#### Problem
Please copy out every line in the entries that includes the word "real".
-- Record set follows --
(* Let $\alpha\in\mathbb{R}$, let $\mathbb{Q}[x]^+_{x=\alpha}=\{p\in\mathbb{Q}[x]: p(\alpha)>0\}$, and suppose $\mathbb{Q}[x]^+_{x=\alpha}=H_1\sqcup H_2$ with $H_1,H_2$ disjoint subsets, each closed under addition and multiplication. If, for some $j\in\{1,2\}$, every polynomial of degree $1$ in $\mathbb{Q}[x]^+_{x=\alpha}$ belongs to $H_j$, then $H_j=\mathbb{Q}[x]^+_{x=\alpha}$. *)

theory Defs
  imports Complex_Main "HOL-Computational_Algebra.Polynomial"
begin

definition Qpos_at :: "real \<Rightarrow> rat poly set" where
  "Qpos_at \<alpha> = {p. poly (map_poly of_rat p) \<alpha> > 0}"

end

theory Submission
  imports Defs
begin

text \<open>Every positive rational constant c is the sum (x - t) + (c + t - x) of two rational
linear polynomials positive at \<open>\<alpha>\<close>. If p is positive at \<open>\<alpha>\<close> of degree n \<ge> 1 with leading
coefficient L, pick rational linear polynomials l1 (monic) and l2 (leading coefficient sgn L),
both positive at \<open>\<alpha>\<close> but with values there below min 1 (p(\<alpha>) / |L|). Then |L| l1^(n-1) l2 is
built from linear polynomials and constants by products, has the leading term of p and is
smaller than p at \<open>\<alpha>\<close>; so p minus it is positive at \<open>\<alpha>\<close> of lower degree, and induction on
the degree puts p into any set closed under sums and products that contains the rational linear
polynomials positive at \<open>\<alpha>\<close>.\<close>

lemma map_poly_of_rat_diff:
  "map_poly (of_rat :: rat \<Rightarrow> 'a :: field_char_0) (p - q) = map_poly of_rat p - map_poly of_rat q"
  by (rule poly_eqI) (simp add: coeff_map_poly of_rat_diff)

lemma map_poly_of_rat_mult:
  "map_poly (of_rat :: rat \<Rightarrow> 'a :: field_char_0) (p * q) = map_poly of_rat p * map_poly of_rat q"
  by (rule poly_eqI) (simp add: coeff_map_poly coeff_mult of_rat_sum of_rat_mult)

lemma map_poly_of_rat_power:
  "map_poly (of_rat :: rat \<Rightarrow> 'a :: field_char_0) (p ^ n) = map_poly of_rat p ^ n"
  by (induction n) (simp_all add: map_poly_of_rat_mult)

lemma map_poly_of_rat_smult:
  "map_poly (of_rat :: rat \<Rightarrow> 'a :: field_char_0) (smult c p) = smult (of_rat c) (map_poly of_rat p)"
  by (rule map_poly_smult) (simp_all add: of_rat_mult)

lemma poly_map_poly_of_rat_pCons [simp]:
  "poly (map_poly (of_rat :: rat \<Rightarrow> 'a :: field_char_0) (pCons a p)) x =
     of_rat a + x * poly (map_poly of_rat p) x"
  by (simp add: map_poly_pCons)

lemma mem_Qpos_at: "p \<in> Qpos_at \<alpha> \<longleftrightarrow> 0 < poly (map_poly of_rat p) \<alpha>"
  by (simp add: Qpos_at_def)

lemma degree_diff_less_of_lead_coeff_eq:
  fixes p q :: "'a :: comm_ring poly"
  assumes "degree q = degree p" "lead_coeff q = lead_coeff p" "degree p > 0"
  shows "degree (p - q) < degree p"
proof (rule degree_lessI)
  show "\<forall>k\<ge>degree p. coeff (p - q) k = 0"
    using assms by (auto simp: le_less coeff_eq_0)
qed (use assms in simp)

lemma exists_linear_Qpos_at_below:
  assumes "\<epsilon> > 0"
  obtains c where "[:c, s:] \<in> Qpos_at \<alpha>" "poly (map_poly of_rat [:c, s:]) \<alpha> < \<epsilon>"
proof -
  obtain c where "- (\<alpha> * of_rat s) < of_rat c" "of_rat c < \<epsilon> - \<alpha> * of_rat s"
    using of_rat_dense[of "- (\<alpha> * of_rat s)" "\<epsilon> - \<alpha> * of_rat s"] assms by auto
  then show thesis
    by (intro that[of c]) (auto simp: mem_Qpos_at)
qed

lemma Qpos_at_split_leading_term:
  assumes p: "p \<in> Qpos_at \<alpha>" and deg: "degree p > 0"
  obtains c l1 l2 where "c > 0"
    "l1 \<in> Qpos_at \<alpha>" "degree l1 = 1" "l2 \<in> Qpos_at \<alpha>" "degree l2 = 1"
    "p - smult c (l1 ^ (degree p - 1) * l2) \<in> Qpos_at \<alpha>"
    "degree (p - smult c (l1 ^ (degree p - 1) * l2)) < degree p"
proof -
  define n where "n = degree p"
  define L where "L = lead_coeff p"
  define e where "e = poly (map_poly of_rat p) \<alpha>"
  have e: "e > 0" using p by (simp add: mem_Qpos_at e_def)
  have L: "L \<noteq> 0" using deg by (auto simp: L_def)
  define \<epsilon> where "\<epsilon> = min 1 (e / of_rat \<bar>L\<bar>)"
  have "\<epsilon> > 0" using e L by (simp add: \<epsilon>_def)
  obtain a where l1: "[:a, 1:] \<in> Qpos_at \<alpha>" "poly (map_poly of_rat [:a, 1:]) \<alpha> < \<epsilon>"
    using exists_linear_Qpos_at_below[OF \<open>\<epsilon> > 0\<close>] .
  obtain b where l2: "[:b, sgn L:] \<in> Qpos_at \<alpha>" "poly (map_poly of_rat [:b, sgn L:]) \<alpha> < \<epsilon>"
    using exists_linear_Qpos_at_below[OF \<open>\<epsilon> > 0\<close>] .
  define T where "T = smult \<bar>L\<bar> ([:a, 1:] ^ (n - 1) * [:b, sgn L:])"
  have "degree ([:a, 1:] ^ (n - 1) * [:b, sgn L:]) = n - 1 + 1"
    using L by (subst degree_mult_eq) (simp_all add: degree_linear_power sgn_0_0)
  then have "degree T = n"
    using deg L by (simp add: T_def n_def)
  moreover have "lead_coeff T = L"
    unfolding T_def lead_coeff_smult lead_coeff_mult lead_coeff_power
    using L by (simp add: sgn_0_0 abs_mult_sgn)
  ultimately have "degree (p - T) < n"
    using deg unfolding n_def L_def by (rule degree_diff_less_of_lead_coeff_eq)
  define u where "u = poly (map_poly of_rat [:a, 1:]) \<alpha>"
  define w where "w = poly (map_poly of_rat [:b, sgn L:]) \<alpha>"
  have "poly (map_poly of_rat T) \<alpha> = of_rat \<bar>L\<bar> * u ^ (n - 1) * w"
    unfolding T_def u_def w_def map_poly_of_rat_smult map_poly_of_rat_mult map_poly_of_rat_power
    by (simp only: poly_smult poly_mult poly_power mult.assoc)
  also have "\<dots> \<le> of_rat \<bar>L\<bar> * 1 * w"
    using l1 l2 by (intro mult_mono power_le_one) (auto simp: u_def w_def mem_Qpos_at \<epsilon>_def)
  also have "\<dots> < e"
    using l2 L by (simp add: w_def \<epsilon>_def pos_less_divide_eq mult.commute)
  finally have "p - T \<in> Qpos_at \<alpha>"
    by (simp add: mem_Qpos_at map_poly_of_rat_diff e_def)
  show thesis
    using that[of "\<bar>L\<bar>" "[:a, 1:]" "[:b, sgn L:]"] l1(1) l2(1) L
      \<open>degree (p - T) < n\<close> \<open>p - T \<in> Qpos_at \<alpha>\<close>
    unfolding T_def n_def by (simp add: sgn_0_0)
qed

locale Qpos_at_subsemiring =
  fixes \<alpha> :: real and H :: "rat poly set"
  assumes subset: "H \<subseteq> Qpos_at \<alpha>"
    and add_closed: "p \<in> H \<Longrightarrow> q \<in> H \<Longrightarrow> p + q \<in> H"
    and mult_closed: "p \<in> H \<Longrightarrow> q \<in> H \<Longrightarrow> p * q \<in> H"
    and linear_mem: "p \<in> Qpos_at \<alpha> \<Longrightarrow> degree p = 1 \<Longrightarrow> p \<in> H"
begin

lemma const_mem:
  assumes "c > 0"
  shows "[:c:] \<in> H"
proof -
  have "(0 :: real) < of_rat c" using assms by simp
  then obtain t where t: "[:t, 1:] \<in> Qpos_at \<alpha>" "poly (map_poly of_rat [:t, 1:]) \<alpha> < of_rat c"
    by (rule exists_linear_Qpos_at_below)
  have "[:c - t, -1:] \<in> Qpos_at \<alpha>"
    using t(2) by (simp add: mem_Qpos_at of_rat_diff of_rat_minus)
  with t(1) have "[:t, 1:] + [:c - t, -1:] \<in> H"
    by (intro add_closed linear_mem) simp_all
  then show ?thesis by simp
qed

lemma power_mem: "p \<in> H \<Longrightarrow> p ^ n \<in> H"
  using const_mem[of 1] by (induction n) (auto intro: mult_closed simp: one_pCons)

lemma smult_mem: "c > 0 \<Longrightarrow> p \<in> H \<Longrightarrow> smult c p \<in> H"
  using mult_closed[OF const_mem] by simp

lemma Qpos_at_imp_mem: "p \<in> Qpos_at \<alpha> \<Longrightarrow> p \<in> H"
proof (induction "degree p" arbitrary: p rule: less_induct)
  case less
  show ?case
  proof (cases "degree p = 0")
    case True
    then have "p = [:coeff p 0:]" by (rule degree_0_id[symmetric])
    moreover have "coeff p 0 > 0"
      using less.prems by (subst (asm) \<open>p = _\<close>) (simp add: mem_Qpos_at)
    ultimately show ?thesis using const_mem by metis
  next
    case False
    then obtain c l1 l2 where "c > 0" and l: "l1 \<in> H" "l2 \<in> H"
      and r: "p - smult c (l1 ^ (degree p - 1) * l2) \<in> Qpos_at \<alpha>"
             "degree (p - smult c (l1 ^ (degree p - 1) * l2)) < degree p"
      using Qpos_at_split_leading_term[OF less.prems] linear_mem by (metis neq0_conv)
    have "smult c (l1 ^ (degree p - 1) * l2) \<in> H"
      using \<open>c > 0\<close> l by (intro smult_mem mult_closed power_mem)
    with less.hyps[OF r(2) r(1)] show ?thesis
      by (metis add_closed diff_add_cancel)
  qed
qed

lemma eq_Qpos_at: "H = Qpos_at \<alpha>"
  using subset Qpos_at_imp_mem by blast

end

theorem lemma4p3:
  fixes \<alpha> :: real and H1 H2 :: "rat poly set" and j :: nat
  assumes part: "Qpos_at \<alpha> = H1 \<union> H2"
    and disj: "H1 \<inter> H2 = {}"
    and add1: "\<And>p q. p \<in> H1 \<Longrightarrow> q \<in> H1 \<Longrightarrow> p + q \<in> H1"
    and mult1: "\<And>p q. p \<in> H1 \<Longrightarrow> q \<in> H1 \<Longrightarrow> p * q \<in> H1"
    and add2: "\<And>p q. p \<in> H2 \<Longrightarrow> q \<in> H2 \<Longrightarrow> p + q \<in> H2"
    and mult2: "\<And>p q. p \<in> H2 \<Longrightarrow> q \<in> H2 \<Longrightarrow> p * q \<in> H2"
    and j: "j \<in> {1, 2}"
    and lin: "\<And>p. p \<in> Qpos_at \<alpha> \<Longrightarrow> degree p = 1 \<Longrightarrow>
                 p \<in> (if j = 1 then H1 else H2)"
  shows "(if j = 1 then H1 else H2) = Qpos_at \<alpha>"
proof -
  have "Qpos_at_subsemiring \<alpha> (if j = 1 then H1 else H2)"
    by unfold_locales (use part add1 mult1 add2 mult2 lin in auto)
  then show ?thesis by (rule Qpos_at_subsemiring.eq_Qpos_at)
qed

end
-- Record set concluded --
#### Response to this task
definition Qpos_at :: "real \<Rightarrow> rat poly set" where
  fixes \<alpha> :: real and H :: "rat poly set"
  have "(0 :: real) < of_rat c" using assms by simp
  fixes \<alpha> :: real and H1 H2 :: "rat poly set" and j :: nat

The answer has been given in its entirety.